Former Community Board 15 District Manager Ben Akselrod launched his candidacy for state Assembly on Sunday without mentioning the 11-year incumbent he’s running against — setting the stage for what could be a gentleman’s race with Assemblyman Steven Cymbrowitz (D–Sheepshead Bay).
The former Community Board 15 district manager rallied dozens of supporters in front of Baku Palace on Emmons Avenue with a speech that described the Gravesend-to-Midwood district in broad terms, but did not make a single reference to Cymbrowitz — a reserved elected official who prefers to work behind-the-scenes on neighborhood issues and rarely seeks the spotlight.
“This district needs an assemblyman who understands the needs of this community,” said Akselrod.
The Soviet Union-born nursing home administrator vowed to improve the area’s public school system, transit services, and lower crime — all while highlighting his immigrant background and degrees from Touro College and Brooklyn College.
But he isn’t planning on slinging any mud at Cymbrowitz, he told BrooklynDaily.com.
“I’m not going to throw the first punch,” said Akselrod, who made his political bones as a legislative aide to former state Sen. Seymour Lachman in the early 1990s. “I don’t want to start my campaign by talking about Cymbrowitz.”
Cymbrowitz did not return several calls seeking comment.
Lachman said he hopes the race remains above board.
“Ben’s going to win on the merits,” said Lachman, who endorsed his former staffer at Akselrod’s campaign kickoff on May 6. “I hope it’ll be a gentleman’s campaign where the issues are discussed and there’s no name calling.”
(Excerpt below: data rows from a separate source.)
lemma conn_comp_eq_if_fin_index:
  assumes "def_subgroup G R Q" "conn_comp G R Q = Q" "fin_index G Q Q'"
  shows "conn_comp G R Q' = Q"
proof
  show "conn_comp G R Q' \<subseteq> Q" using conn_comp_least[OF assms(1,3)] .
  have "Q \<subseteq> K" if K: "def_subgroup G R K" "fin_index G K Q'" for K
  proof -
    have "Q \<subseteq> Q'" using assms(3) unfolding fin_index_def by simp
    then have "fin_index G (K \<inter> Q) Q"
      using fin_index_Int_subgroup K def_subgroup_subgroup assms(1) by blast
    then show ?thesis
      using connected_subset_if_fin_index[OF assms(1,2) K(1)] by (simp add: Int_commute)
  qed
  then show "Q \<subseteq> conn_comp G R Q'" unfolding conn_comp_def by blast
qed

text \<open>Rigidity of a connected definable \<open>Q\<close> of finite index in \<open>N(Q)\<close>: the preimage of \<open>Q\<close>
  under conjugation into \<open>N(Q)\<close> has finite index in \<open>Q\<close>, so by connectedness it is all of \<open>Q\<close>.\<close>

lemma conj_into_normalizer_imp_conj_into:
  assumes "def_subgroup G R Q" "conn_comp G R Q = Q" "fin_index G Q (normalizer G Q)"
    and "w \<in> carrier G" "\<forall>q\<in>Q. w \<otimes> q \<otimes> inv w \<in> normalizer G Q"
  shows "\<forall>q\<in>Q. w \<otimes> q \<otimes> inv w \<in> Q"
proof -
  have Q: "subgroup Q G" "Q \<subseteq> carrier G"
    using def_subgroup_subgroup[OF assms(1)] def_subgroup_subset[OF assms(1)] by auto
  have "normalizer G Q \<subseteq> carrier G"
    using normalizer_imp_subgroup[OF Q(2)] subgroup.subset by blast
  then have "fin_index G (Q \<inter> conj_preimage w Q) Q"
    using fin_index_conj_preimage[OF Q(1) Q(1) assms(3) _ assms(4,5)] by blast
  then have "Q \<subseteq> conj_preimage w Q"
    using connected_subset_if_fin_index[OF assms(1,2)] def_subgroup_conj_preimage[OF assms(1,4)] by blast
  then show ?thesis unfolding conj_preimage_def by blast
qed

lemma def_hull_conj_closed:
  assumes "C \<subseteq> carrier G" "g \<in> carrier G" "\<forall>c\<in>C. g \<otimes> c \<otimes> inv g \<in> C"
  shows "\<forall>x\<in>def_hull G R C. g \<otimes> x \<otimes> inv g \<in> def_hull G R C"
proof -
  let ?D = "def_hull G R C"
  have "def_subgroup G R (?D \<inter> conj_preimage g ?D)"
    using def_subgroup_def_hull[OF assms(1)] assms(2)
    by (intro def_subgroup_Int def_subgroup_conj_preimage)
  moreover have "C \<subseteq> ?D \<inter> conj_preimage g ?D"
    using subset_def_hull[of C G R] assms unfolding conj_preimage_def by blast
  ultimately have "?D \<subseteq> conj_preimage g ?D" using def_hull_least by blast
  then show ?thesis unfolding conj_preimage_def by blast
qed

lemma normalizer_subset_normalizer_def_hull:
  assumes "C \<subseteq> carrier G"
  shows "normalizer G C \<subseteq> normalizer G (def_hull G R C)"
proof
  fix g assume "g \<in> normalizer G C"
  then have g: "g \<in> carrier G" "\<forall>c\<in>C. g \<otimes> c \<otimes> inv g \<in> C" "\<forall>c\<in>C. inv g \<otimes> c \<otimes> inv (inv g) \<in> C"
    using mem_normalizer_iff[OF assms] by auto
  show "g \<in> normalizer G (def_hull G R C)"
    using def_hull_conj_closed[OF assms g(1,2)] def_hull_conj_closed[OF assms _ g(3)] g(1)
      def_subgroup_subset[OF def_subgroup_def_hull[OF assms]]
    by (simp add: mem_normalizer_iff)
qed

text \<open>Since \<open>A\<close> and \<open>B\<close> normalise the hull of \<open>C\<close>, commutation with a fixed element sends a
  definable subgroup into that hull; enlarging first the left and then the right argument
  replaces \<open>A\<close> and \<open>B\<close> by their hulls.\<close>

lemma commutator_def_hull:
  assumes A: "subgroup A G" and B: "subgroup B G" and C: "C \<subseteq> carrier G"
    and comm: "\<And>a b. a \<in> A \<Longrightarrow> b \<in> B \<Longrightarrow> commutator a b \<in> C"
    and "A \<subseteq> normalizer G C" "B \<subseteq> normalizer G C"
    and x: "x \<in> def_hull G R A" and y: "y \<in> def_hull G R B"
  shows "commutator x y \<in> def_hull G R C"
proof -
  let ?D = "def_hull G R C"
  let ?N = "normalizer G ?D"
  have D: "def_subgroup G R ?D" using def_subgroup_def_hull[OF C] .
  have N: "def_subgroup G R ?N" using def_subgroup_normalizer[OF D] .
  have AN: "A \<subseteq> ?N" and BN: "B \<subseteq> ?N"
    using assms(5,6) normalizer_subset_normalizer_def_hull[OF C] by blast+
  have left: "def_hull G R A \<subseteq> {x \<in> ?N. commutator x b \<in> ?D}" if "b \<in> B" for b
  proof (rule def_hull_least)
    show "def_subgroup G R {x \<in> ?N. commutator x b \<in> ?D}"
      using def_subgroup_commutator_left_preimage[OF D N subset_refl] that subgroup.subset[OF B] by blast
    show "A \<subseteq> {x \<in> ?N. commutator x b \<in> ?D}"
      using AN comm that subset_def_hull[of C G R] by blast
  qed
  have "def_hull G R B \<subseteq> {y \<in> ?N. commutator x y \<in> ?D}"
  proof (rule def_hull_least)
    show "def_subgroup G R {y \<in> ?N. commutator x y \<in> ?D}"
      using def_subgroup_commutator_right_preimage[OF D N subset_refl] x
        def_subgroup_subset[OF def_subgroup_def_hull[OF subgroup.subset[OF A]]] by blast
    show "B \<subseteq> {y \<in> ?N. commutator x y \<in> ?D}"
      using BN left x by blast
  qed
  then show ?thesis using y by blast
qed

lemma nilpotent_def_hull:
  assumes "nilpotent_subgroup G H"
  shows "nilpotent_subgroup G (def_hull G R H)"
proof -
  have H: "subgroup H G" using nilpotent_subgroup_subgroup[OF assms] .
  then have H_carrier: "H \<subseteq> carrier G" by (rule subgroup.subset)
  have hull: "subgroup (def_hull G R H) G"
    using def_subgroup_subgroup[OF def_subgroup_def_hull[OF H_carrier]] .
  have lcs_hull: "lcs G (def_hull G R H) n \<subseteq> def_hull G R (lcs G H n)" for n
  proof (induction n)
    case (Suc n)
    have L: "subgroup (lcs G H n) G" "lcs G H (Suc n) \<subseteq> carrier G"
      using lcs_subgroup[OF H] H_carrier by blast+
    have "commutator x y \<in> def_hull G R (lcs G H (Suc n))"
      if "x \<in> def_hull G R (lcs G H n)" "y \<in> def_hull G R H" for x y
      using commutator_def_hull[OF L(1) H L(2) commutator_in_lcs _ _ that]
        lcs_subset_normalizer_lcs_Suc[OF H] subgroup_subset_normalizer_lcs[OF H] by blast
    then have "{commutator x y | x y. x \<in> lcs G (def_hull G R H) n \<and> y \<in> def_hull G R H}
        \<subseteq> def_hull G R (lcs G H (Suc n))"
      using Suc.IH by blast
    then show ?case
      using generate_subgroup_incl def_subgroup_subgroup[OF def_subgroup_def_hull[OF L(2)]] by simp
  qed simp
  obtain c where c: "lcs G H c = {\<one>}"
    using assms unfolding nilpotent_subgroup_def by blast
  have "lcs G (def_hull G R H) c \<subseteq> def_hull G R {\<one>}"
    using lcs_hull[of c] by (simp add: c)
  also have "\<dots> \<subseteq> {\<one>}"
    by (rule def_hull_least[OF def_subgroup_one]) simp
  finally have "lcs G (def_hull G R H) c = {\<one>}"
    using one_in_lcs[OF hull] by blast
  then show ?thesis unfolding nilpotent_subgroup_def using hull by blast
qed

lemma max_nilpotent_def_subgroup:
  assumes "max_nilpotent G H"
  shows "def_subgroup G R H"
proof -
  have H: "nilpotent_subgroup G H" using assms unfolding max_nilpotent_def by simp
  have H_carrier: "H \<subseteq> carrier G" using subgroup.subset[OF nilpotent_subgroup_subgroup[OF H]] .
  have "def_hull G R H = H"
    using assms nilpotent_def_hull[OF H] subset_def_hull[of H G R] unfolding max_nilpotent_def by blast
  then show ?thesis using def_subgroup_def_hull[OF H_carrier] by simp
qed

text \<open>Descending along the lower central series of \<open>K\<close>: if \<open>K\<^sub>n\<^sub>+\<^sub>1 \<le> N(Q)\<close>, every \<open>w \<in> K\<^sub>n\<close>
  conjugates \<open>q \<in> Q\<close> to \<open>[w, q] q \<in> N(Q)\<close>, hence into \<open>Q\<close>, so \<open>K\<^sub>n \<le> N(Q)\<close>.\<close>

lemma carter_nilpotent_overgroup_subset_normalizer:
  assumes "carter G R Q" "nilpotent_subgroup G K" "Q \<subseteq> K"
  shows "K \<subseteq> normalizer G Q"
proof -
  have Q: "def_subgroup G R Q" "conn_comp G R Q = Q" "fin_index G Q (normalizer G Q)"
    using assms(1) unfolding carter_def by auto
  have Q_carrier: "Q \<subseteq> carrier G" using def_subgroup_subset[OF Q(1)] .
  have Q_normalizer: "Q \<subseteq> normalizer G Q" using Q(3) unfolding fin_index_def by simp
  have M: "subgroup (normalizer G Q) G" using normalizer_imp_subgroup[OF Q_carrier] .
  have K: "subgroup K G" using nilpotent_subgroup_subgroup[OF assms(2)] .
  have step: "lcs G K n \<subseteq> normalizer G Q" if IH: "lcs G K (Suc n) \<subseteq> normalizer G Q" for n
  proof -
    have conj: "\<forall>q\<in>Q. w \<otimes> q \<otimes> inv w \<in> Q" if w: "w \<in> lcs G K n" for w
    proof -
      have wc: "w \<in> carrier G" using w lcs_subgroup[OF K] subgroup.subset[OF K] by blast
      have "w \<otimes> q \<otimes> inv w \<in> normalizer G Q" if q: "q \<in> Q" for q
      proof -
        have "commutator w q \<in> normalizer G Q" using IH commutator_in_lcs[OF w] q assms(3) by blast
        then have "commutator w q \<otimes> q \<in> normalizer G Q"
          using q Q_normalizer M by (simp add: subgroup.m_closed subsetD)
        moreover have "q \<in> carrier G" using q Q_carrier by blast
        then have "commutator w q \<otimes> q = w \<otimes> q \<otimes> inv w" using wc by (simp add: m_assoc)
        ultimately show ?thesis by simp
      qed
      then show ?thesis using conj_into_normalizer_imp_conj_into[OF Q wc] by blast
    qed
    show ?thesis
    proof
      fix z assume z: "z \<in> lcs G K n"
      then have "z \<in> carrier G" "inv z \<in> lcs G K n"
        using lcs_subgroup[OF K] subgroup.subset[OF K] by (auto simp: subgroup.m_inv_closed)
      then show "z \<in> normalizer G Q"
        using conj[OF z] conj[of "inv z"] by (simp add: mem_normalizer_iff[OF Q_carrier])
    qed
  qed
  obtain c where "lcs G K c = {\<one>}" using assms(2) unfolding nilpotent_subgroup_def by blast
  then have "lcs G K c \<subseteq> normalizer G Q" using M subgroup.one_closed by simp
  then have "lcs G K 0 \<subseteq> normalizer G Q"
    by (rule inc_induct[of 0 c "\<lambda>n. lcs G K n \<subseteq> normalizer G Q", OF le0]) (rule step)
  then show ?thesis by simp
qed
But that could change quickly if Akselrod — a conservative Democrat — mounts a serious challenge in Sheepshead Bay, a right-leaning area that elected Rep. Bob Turner (R–Sheepshead Bay) last year and gave senate-hopeful David Storobin an election-night victory in March.
Cymbrowitz has never faced a strong opponent. But in 2010, his obscure Republican challenger Joseph Hayon caused a stir by capturing 43 percent of the vote in the general election, despite spending just $600.
Cymbrowitz entered January with a $119,766 warchest, according to the latest campaign finance records.
Akselrod declined to say how much money he’s raised so far.
The primary is scheduled for June 26.